Whether the navigation equipment will still work is, frankly, unlikely. The pilot will have to find his way to an airport the hard way.

Going back to the original subject, all cars certified for road use have a physical link for steering (usually with power assistance these days, but this does nothing at highway speeds), and two braking systems that can be applied by human effort alone (both hand and foot brakes, though the footbrake is usually power-assisted too). That's enough to easily retain control in the face of total electrical failure and engine cutout.

But it is worth noting that a lot of old cars have engines, with carburettors and distributors, that would not be affected by any kind of EMP. At worst, it would induce a momentary misfire and fry the radio. If you look in the right scrapyards, you can find Renault and Volvo engines that have outlived their vehicles and are robust enough to withstand quite a lot of boring and boosting... so serious criminals who put some thought and effort into preparing their crime can avoid being stopped by the EMP and still have a fast enough car to keep ahead of the chase. But high-speed chases are usually the result of insufficient planning anyway...

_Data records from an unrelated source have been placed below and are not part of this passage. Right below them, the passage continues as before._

lemma factors_through_deflation_if_killed:
  assumes cf: "conf X f X' c A" and q: "q \<in> Hom C Y' A" "q \<cdot> \<pi>2 = c \<cdot> \<beta>"
    and t: "t \<in> Hom C T Y'" and qt: "q \<cdot> t = zer C T A"
  shows "\<exists>T' e z. deflation conf T' e T \<and> z \<in> Hom C T' Y \<and> t \<cdot> e = g \<cdot> z"
proof -
  obtain T' s e where pb: "is_pullback C T' s e P \<pi>2 T t Y'" and e: "deflation conf T' e T"
    using deflation_pullback[OF deflation_\<pi>2 t] .
  have s: "s \<in> Hom C T' P" and e_hom: "e \<in> Hom C T' T" and sq: "\<pi>2 \<cdot> s = t \<cdot> e"
    using pullback_hom[OF pb] by auto
  have c: "c \<in> Hom C X' A" using conf_hom[OF cf] by blast
  have "c \<cdot> (\<beta> \<cdot> s) = zer C T' A"
    using comp_assoc[OF s \<beta> c] q(2) comp_assoc[OF s \<pi>2 q(1)] sq comp_assoc[OF e_hom t q(1)] qt
      zero_comp[OF e_hom hom_cod[OF q(1)]] by simp
  then obtain x where x: "x \<in> Hom C T' X" "f \<cdot> x = \<beta> \<cdot> s"
    using kernel_lift[OF conf_kernel[OF cf] comp_hom[OF s \<beta>]] by blast
  have "t \<cdot> e = g \<cdot> (i \<cdot> x \<oplus> \<pi>1 \<cdot> s)"
    using sq split[OF s] x(2) left_square_comp[OF x(1)] comp_plus[OF comp_hom[OF x(1) i] comp_hom[OF s \<pi>1] g]
    by simp
  then show ?thesis using e plus_hom[OF comp_hom[OF x(1) i] comp_hom[OF s \<pi>1]] by blast
qed

text \<open>Via \<open>(\<pi>1 \<Phi>, \<delta>)\<close>, \<open>D\<close> is \<open>Y \<oplus> X\<close> and the kernel of \<open>\<pi>2 \<Phi> = (g, g i)\<close> consists of the
  pairs \<open>(i (k \<kappa> - x), x)\<close>; the maps \<open>\<delta> a\<close> and \<open>b\<close> read off \<open>x\<close> and \<open>\<kappa>\<close>.\<close>
context
  fixes K k D \<delta> \<Phi> Cc a x0 b
  assumes ck: "conf K k X f X'" and pbD: "is_pullback C D \<delta> \<Phi> X f P \<beta> X'"
    and ker: "is_kernel C Cc a D (\<pi>2 \<cdot> \<Phi>) Y'"
    and x0: "x0 \<in> Hom C Cc X" "i \<cdot> x0 = \<pi>1 \<cdot> (\<Phi> \<cdot> a)"
    and b: "b \<in> Hom C Cc K" "k \<cdot> b = \<delta> \<cdot> a \<oplus> x0"
begin

lemma kernel_data_hom: "\<delta> \<in> Hom C D X" "\<Phi> \<in> Hom C D P" "a \<in> Hom C Cc D" "k \<in> Hom C K X"
  using pullback_hom[OF pbD] kernel_hom[OF ker] conf_hom[OF ck] by auto

lemma kernel_coordinates:
  assumes y: "y \<in> Hom C T Cc"
  shows "k \<cdot> (b \<cdot> y) = \<delta> \<cdot> (a \<cdot> y) \<oplus> x0 \<cdot> y"
    and "\<pi>1 \<cdot> (\<Phi> \<cdot> (a \<cdot> y)) = i \<cdot> (x0 \<cdot> y)"
    and "\<pi>2 \<cdot> (\<Phi> \<cdot> (a \<cdot> y)) = zer C T Y'"
proof -
  note \<delta> = kernel_data_hom(1) and \<Phi> = kernel_data_hom(2) and a = kernel_data_hom(3)
    and k = kernel_data_hom(4)
  have \<Phi>a: "\<Phi> \<cdot> a \<in> Hom C Cc P" using comp_hom[OF a \<Phi>] .
  show "k \<cdot> (b \<cdot> y) = \<delta> \<cdot> (a \<cdot> y) \<oplus> x0 \<cdot> y"
    using comp_assoc[OF y b(1) k] b(2) plus_comp[OF y comp_hom[OF a \<delta>] x0(1)] comp_assoc[OF y a \<delta>] by simp
  show "\<pi>1 \<cdot> (\<Phi> \<cdot> (a \<cdot> y)) = i \<cdot> (x0 \<cdot> y)"
    using comp_assoc[OF y a \<Phi>] comp_assoc[OF y \<Phi>a \<pi>1] comp_assoc[OF y x0(1) i] x0(2) by simp
  show "\<pi>2 \<cdot> (\<Phi> \<cdot> (a \<cdot> y)) = zer C T Y'"
    using comp_assoc[OF y a \<Phi>] comp_assoc[OF y \<Phi>a \<pi>2] comp_assoc[OF a \<Phi> \<pi>2] kernel_hom[OF ker]
      zero_comp[OF y hom_cod[OF \<pi>2]] by simp
qed

lemma kernel_product_lift:
  assumes u: "u \<in> Hom C T X" and v: "v \<in> Hom C T K"
  shows "\<exists>y \<in> Hom C T Cc. (\<delta> \<cdot> a) \<cdot> y = u \<and> b \<cdot> y = v"
proof -
  note \<delta> = kernel_data_hom(1) and a = kernel_data_hom(3) and k = kernel_data_hom(4)
  have i_monic: "monic C X Y i" using kernel_monic[OF conf_kernel[OF row]] .
  define xx where "xx = k \<cdot> v \<ominus> u"
  have xx: "xx \<in> Hom C T X" using minus_hom[OF comp_hom[OF v k] u] unfolding xx_def .
  have "p \<cdot> (i \<cdot> xx) = p' \<cdot> zer C T Y'"
    using comp_assoc[OF xx i p] conf_hom[OF row] zero_comp[OF xx hom_cod[OF p]]
      comp_zero[OF p' hom_dom[OF u]] by simp
  then obtain e where e: "e \<in> Hom C T P" "\<pi>1 \<cdot> e = i \<cdot> xx" "\<pi>2 \<cdot> e = zer C T Y'"
    using pullback_lift[OF pullback comp_hom[OF xx i] zero_hom[OF hom_dom[OF u] hom_cod[OF \<pi>2]]] by blast
  obtain x where x: "x \<in> Hom C T X" "i \<cdot> x = \<pi>1 \<cdot> e" "\<beta> \<cdot> e \<oplus> f \<cdot> x = zer C T X'"
    using kernel_of_\<pi>2[OF e(1,3)] by blast
  have "x = xx" using monicD[OF i_monic x(1) xx] x(2) e(2) by simp
  moreover have "f \<cdot> xx = zer C T X' \<ominus> f \<cdot> u"
    using comp_minus[OF comp_hom[OF v k] u f] comp_assoc[OF v k f] conf_hom[OF ck]
      zero_comp[OF v hom_cod[OF f]] unfolding xx_def by simp
  ultimately have "\<beta> \<cdot> e \<ominus> f \<cdot> u = zer C T X'"
    using x(3) zero_plus[OF neg_hom[OF comp_hom[OF u f]]] by simp
  then have "f \<cdot> u = \<beta> \<cdot> e" using eq_if_minus_eq_zero[OF comp_hom[OF e(1) \<beta>] comp_hom[OF u f]] by simp
  then obtain dd where dd: "dd \<in> Hom C T D" "\<delta> \<cdot> dd = u" "\<Phi> \<cdot> dd = e"
    using pullback_lift[OF pbD u e(1)] by blast
  have "(\<pi>2 \<cdot> \<Phi>) \<cdot> dd = zer C T Y'" using comp_assoc[OF dd(1) kernel_data_hom(2) \<pi>2] dd(3) e(3) by simp
  then obtain y where y: "y \<in> Hom C T Cc" "a \<cdot> y = dd"
    using kernel_lift[OF ker dd(1)] by blast
  have "x0 \<cdot> y = xx"
    using monicD[OF i_monic comp_hom[OF y(1) x0(1)] xx] kernel_coordinates(2)[OF y(1)] y(2) dd(3) e(2)
    by simp
  then have "k \<cdot> (b \<cdot> y) = k \<cdot> v"
    using kernel_coordinates(1)[OF y(1)] y(2) dd(2) minus_eq_iff_eq_plus[OF comp_hom[OF v k] u xx] xx_def
      plus_comm[OF u xx] by simp
  then have "b \<cdot> y = v" by (rule monicD[OF kernel_monic[OF conf_kernel[OF ck]] comp_hom[OF y(1) b(1)] v])
  then show ?thesis using y comp_assoc[OF y(1) a \<delta>] dd(2) by auto
qed

lemma kernel_product_eq:
  assumes y1: "y1 \<in> Hom C T Cc" and y2: "y2 \<in> Hom C T Cc"
    and \<delta>a: "(\<delta> \<cdot> a) \<cdot> y1 = (\<delta> \<cdot> a) \<cdot> y2" and by12: "b \<cdot> y1 = b \<cdot> y2"
  shows "y1 = y2"
proof -
  note \<delta> = kernel_data_hom(1) and \<Phi> = kernel_data_hom(2) and a = kernel_data_hom(3)
  have \<delta>a': "\<delta> \<cdot> (a \<cdot> y1) = \<delta> \<cdot> (a \<cdot> y2)" using \<delta>a comp_assoc[OF y1 a \<delta>] comp_assoc[OF y2 a \<delta>] by simp
  then have "x0 \<cdot> y1 = x0 \<cdot> y2"
    using plus_left_cancel[OF comp_hom[OF y1 x0(1)] comp_hom[OF y2 x0(1)] comp_hom[OF comp_hom[OF y1 a] \<delta>]]
      kernel_coordinates(1)[OF y1] kernel_coordinates(1)[OF y2] by12 by simp
  then have "\<Phi> \<cdot> (a \<cdot> y1) = \<Phi> \<cdot> (a \<cdot> y2)"
    using pullback_eq[OF pullback comp_hom[OF comp_hom[OF y1 a] \<Phi>] comp_hom[OF comp_hom[OF y2 a] \<Phi>]]
      kernel_coordinates(2,3)[OF y1] kernel_coordinates(2,3)[OF y2] by simp
  then have "a \<cdot> y1 = a \<cdot> y2"
    using pullback_eq[OF pbD comp_hom[OF y1 a] comp_hom[OF y2 a] \<delta>a'] by blast
  then show "y1 = y2" by (rule monicD[OF kernel_monic[OF ker] y1 y2])
qed

lemma kernel_is_product: "is_product C Cc (\<delta> \<cdot> a) X b K"
  using is_productI[OF comp_hom[OF kernel_data_hom(3,1)] b(1)] kernel_product_lift kernel_product_eq by blast

end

Comment Playing billiards (Score 1) 221

Unfortunately Cringely has overlooked the principle of conservation of momentum.

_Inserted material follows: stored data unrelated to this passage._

(* For all $M\geq 2$: (1) $g(M)=F_M+\sum_{k=1}^{M-1}F_kF_{M-k}$; (2) $h(M)=F_M+\sum_{k=1}^{M-2}F_kF_{M-1-k}$; (3) $g_1(M)=h_1(M)=\sum_{k=1}^{M-1}F_kF_{M-k}$; (4) $g(M)-h(M)=g_1(M)-g_1(M-1)=h_1(M)-h_1(M-1)=F_{M-1}+\sum_{k=1}^{M-3}F_kF_{M-2-k}$ (with $g_1(0)=h_1(0)=0$ if needed, and empty sums equal to $0$).
   Context: $F_k$ denotes the Fibonacci numbers with $F_{-1}=1$, $F_0=0$, $F_1=1$, $F_k=F_{k-1}+F_{k-2}$. The perimeter of a nonempty partition $\lambda$ with largest part $\lambda_1$ and $\ell(\lambda)$ parts is $\lambda_1+\ell(\lambda)-1$. $\mathcal G(M)$ is the set of partitions into odd parts with perimeter $M$, $\mathcal H(M)$ the set of partitions into distinct parts with perimeter $M$; $g(M)$ (resp. $h(M)$) is the total number of parts, summed over all partitions in $\mathcal G(M)$ (resp. $\mathcal H(M)$). $\mathcal G_1(M)$ is the set of partitions with perimeter $M$ in which exactly one distinct even integer occurs as a part (possibly with multiplicity greater than one) and all other parts are odd; $\mathcal H_1(M)$ is the set of partitions with perimeter $M$ in which exactly one part value occurs at least twice and every other part value occurs exactly once. $g_1(M)=|\mathcal G_1(M)|$, $h_1(M)=|\mathcal H_1(M)|$. *)

theory Defs
  imports "HOL-Library.Multiset" "HOL-Number_Theory.Fib"
begin

text \<open>A (nonempty) partition is a nonempty finite multiset of positive integers.
  Fibonacci numbers F_k are the library's fib k (fib 0 = 0, fib 1 = 1).\<close>

definition is_partition :: "nat multiset \<Rightarrow> bool" where
  "is_partition p \<longleftrightarrow> p \<noteq> {#} \<and> (\<forall>x\<in>#p. 0 < x)"

definition perimeter :: "nat multiset \<Rightarrow> nat" where
  "perimeter p = Max_mset p + size p - 1"

definition Gset :: "nat \<Rightarrow> nat multiset set" where
  "Gset M = {p. is_partition p \<and> (\<forall>x\<in>#p. odd x) \<and> perimeter p = M}"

Once each piece of junk lodges permanently in the net - assuming for the moment that the net is a good solution - the whole ensemble will by definition have the total momentum vector that the spacecraft+junk had beforehand. No amount of clever angling will help that.

Now, if he instead said that he was going to bounce off each piece of junk so that the junk was sent into the atmosphere and the spacecraft was also redirected usefully, then that would have been more plausible - except of course that he would then need to make the spacecraft itself pretty damn robust.

No, I'm much more inclined to consider small drones which can drift around with a little ion drive and attach to a few bits of junk each (at near-zero dV), and then deorbit themselves.

Comment Re:In soviet union (Score 1) 284

The most obvious place to start is Suomenlinna, the Fortress of Finland, which is built on an island complex just outside Helsinki. There's a regular ferry between there and the mainland, and it's big enough to be worth spending at least an entire day there.

The museums there cover everything from pre-1800 (when Finland was part of Sweden rather than Russia) to at least WW2, and many of the 19th-century Russian howitzers are still in position, though unusable.